A mixture of low volatility CO2-philic oligomers known as poly(ethylene glycol) di-methyl ether, DEPG, is the current solvent of choice in the CO2 capture process. Known as Selexol, it is a commercial mixture of poly(ethylene glycol) dimethyl ethers with optimised properties. Poly(dimethylsiloxane), PDMS, and poly(propylene glycol) di-methyl ether, PPGDME, are potentially better solvents, compared to DEPG, in this process due to their limited miscibility or immiscibility with water, a constituent in the natural gas, bio-gas gas or flue streams, but their high viscosity is an issue, an important property for gas transport in and out of the liquid phase in the physical solvents. Other solvents currently used for physical absorption of carbon dioxide are, for example, methanol and sulfolane. Ionic liquids have been suggested as alternative physical solvents for carbon dioxide absorption due to their extremely low vapor pressures. Various ionic liquids were found to absorb CO2 with high selectivity over N2. Polymers of ionic liquids have also been reported to have high CO2 absorption capacity and selectivity over N2, with fast and completely reversible absorption. However, ionic liquids are at present considered to be too expensive for large-scale industrial applications.
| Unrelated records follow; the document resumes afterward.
lemma steiner_system_complement_code:
  assumes S: "steiner_system t k n N B" and "t \<le> k"
    and rep: "\<And>x. x \<in> N \<Longrightarrow> card {b \<in> B. x \<in> b} = r"
  shows "\<exists>C. is_code n (n - k) (n - t + 1) (Suc (card B - r)) (card B) C"
proof (rule incidence_code[where P = "\<lambda>p b. p \<notin> b"])
  note block = steiner_system_block[OF S]
  have fN: "finite N" and cN: "card N = n" using S by (auto simp: steiner_system_def)
  have fB: "finite B" using S by (rule steiner_system_finite_blocks)
  then show "finite N" "card N = n" "finite B" using fN cN by simp_all
  show "card {b \<in> B. p \<notin> b} \<le> card B - r" if "p \<in> N" for p
  proof -
    have "{b \<in> B. p \<notin> b} = B - {b \<in> B. p \<in> b}" by blast
    then show ?thesis using card_Diff_subset[of "{b \<in> B. p \<in> b}" B] fB rep[OF that] by simp
  qed
  show "card {p \<in> N. p \<notin> b} = n - k" if "b \<in> B" for b
  proof -
    have "{p \<in> N. p \<notin> b} = N - b" by blast
    then show ?thesis
      using card_Diff_subset[of b N] block[OF that] cN by simp
  qed
  show "n - t + 1 \<le> card {p \<in> N. p \<notin> b1 \<or> p \<notin> b2}"
    if b: "b1 \<in> B" "b2 \<in> B" "b1 \<noteq> b2" for b1 b2
  proof -
    have "{p \<in> N. p \<notin> b1 \<or> p \<notin> b2} = N - (b1 \<inter> b2)" by blast
    moreover have "b1 \<inter> b2 \<subseteq> N" using block(1) b by blast
    ultimately have "card {p \<in> N. p \<notin> b1 \<or> p \<notin> b2} = n - card (b1 \<inter> b2)"
      using card_Diff_subset[of "b1 \<inter> b2" N] block(3)[OF b(1)] cN by simp
    moreover have "k \<le> n"
      using card_mono[OF fN block(1)[OF b(1)]] block(2)[OF b(1)] cN by simp
    ultimately show ?thesis using steiner_system_card_Int_less[OF S b] \<open>t \<le> k\<close> by simp
  qed
qed simp

theorem mainTheorem7:
  fixes t k n :: nat
  assumes "0 < t" "t \<le> k" "k < n" "steiner_exists t k n"
  shows "(\<exists>q C. is_code n k (2*k - t + 1) q (steiner_size t k n) C) \<and>
         real (q0' t k n) \<le> real (n - 1 choose (t - 1)) / real (k - 1 choose (t - 1)) + 1 \<and>
         (\<exists>q C. is_code n (n - k) (n - t + 1) q (steiner_size t k n) C) \<and>
         real (q0'' t k n) \<le> real (n choose t) / real (k choose t)
              - real (n - 1 choose (t - 1)) / real (k - 1 choose (t - 1)) + 1"
proof -
  obtain N :: "nat set" and B where S: "steiner_system t k n N B"
    using assms(4) by (auto simp: steiner_exists_def)
  have "k choose t > 0" "k - 1 choose (t - 1) > 0" using assms(1,2) by simp_all
  define r where "r = (n - 1 choose (t - 1)) div (k - 1 choose (t - 1))"
  have rep: "card {b \<in> B. x \<in> b} = r" if "x \<in> N" for x
    using steiner_system_replication[OF S assms(1) that] \<open>k - 1 choose (t - 1) > 0\<close>
    unfolding r_def by (metis gr_implies_not0 nonzero_mult_div_cancel_right)
  have "N \<noteq> {}" using S assms(3) by (auto simp: steiner_system_def)
  then obtain x where x: "x \<in> N" by blast
  have r_real: "real r = real (n - 1 choose (t - 1)) / real (k - 1 choose (t - 1))"
    using steiner_system_replication[OF S assms(1) x] rep[OF x] \<open>k - 1 choose (t - 1) > 0\<close>
    by (simp add: field_simps flip: of_nat_mult)
  have card_B: "card B * (k choose t) = n choose t" using S by (rule steiner_system_card_blocks)
  then have size: "steiner_size t k n = card B"
    using \<open>k choose t > 0\<close> unfolding steiner_size_def by (metis gr_implies_not0 nonzero_mult_div_cancel_right)
  have B_real: "real (card B) = real (n choose t) / real (k choose t)"
    using card_B \<open>k choose t > 0\<close> by (simp add: field_simps flip: of_nat_mult)
  have "r \<le> card B"
    using card_mono[OF steiner_system_finite_blocks[OF S], of "{b \<in> B. x \<in> b}"] rep[OF x] by auto
  obtain C1 where C1: "is_code n k (2 * k - t + 1) (Suc r) (steiner_size t k n) C1"
    using steiner_system_block_code[OF S assms(2) rep] size by auto
  obtain C2 where C2: "is_code n (n - k) (n - t + 1) (Suc (card B - r)) (steiner_size t k n) C2"
    using steiner_system_complement_code[OF S assms(2) rep] size by auto
  have "q0' t k n \<le> Suc r"
    unfolding q0'_def by (rule Least_le) (use C1 in blast)
  then have "real (q0' t k n) \<le> real r + 1" by simp
  moreover have "q0'' t k n \<le> Suc (card B - r)"
    unfolding q0''_def by (rule Least_le) (use C2 in blast)
  then have "real (q0'' t k n) \<le> real (card B) - real r + 1"
    using \<open>r \<le> card B\<close> by (simp add: of_nat_diff)
  ultimately show ?thesis
    using C1 C2 unfolding r_real B_real by blast
qed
There is an urgent need for processes using chemical solvents, without the high energy penalty for solvent regeneration, as well as physical solvents that can match the high CO2 absorption capacity of chemical solvents, with easy regeneration. Alternatively, a new class of solvents that have the high absorption capacity of the alkanolamines, but the low energy regeneration capability of physical solvents is desirable, as described herein.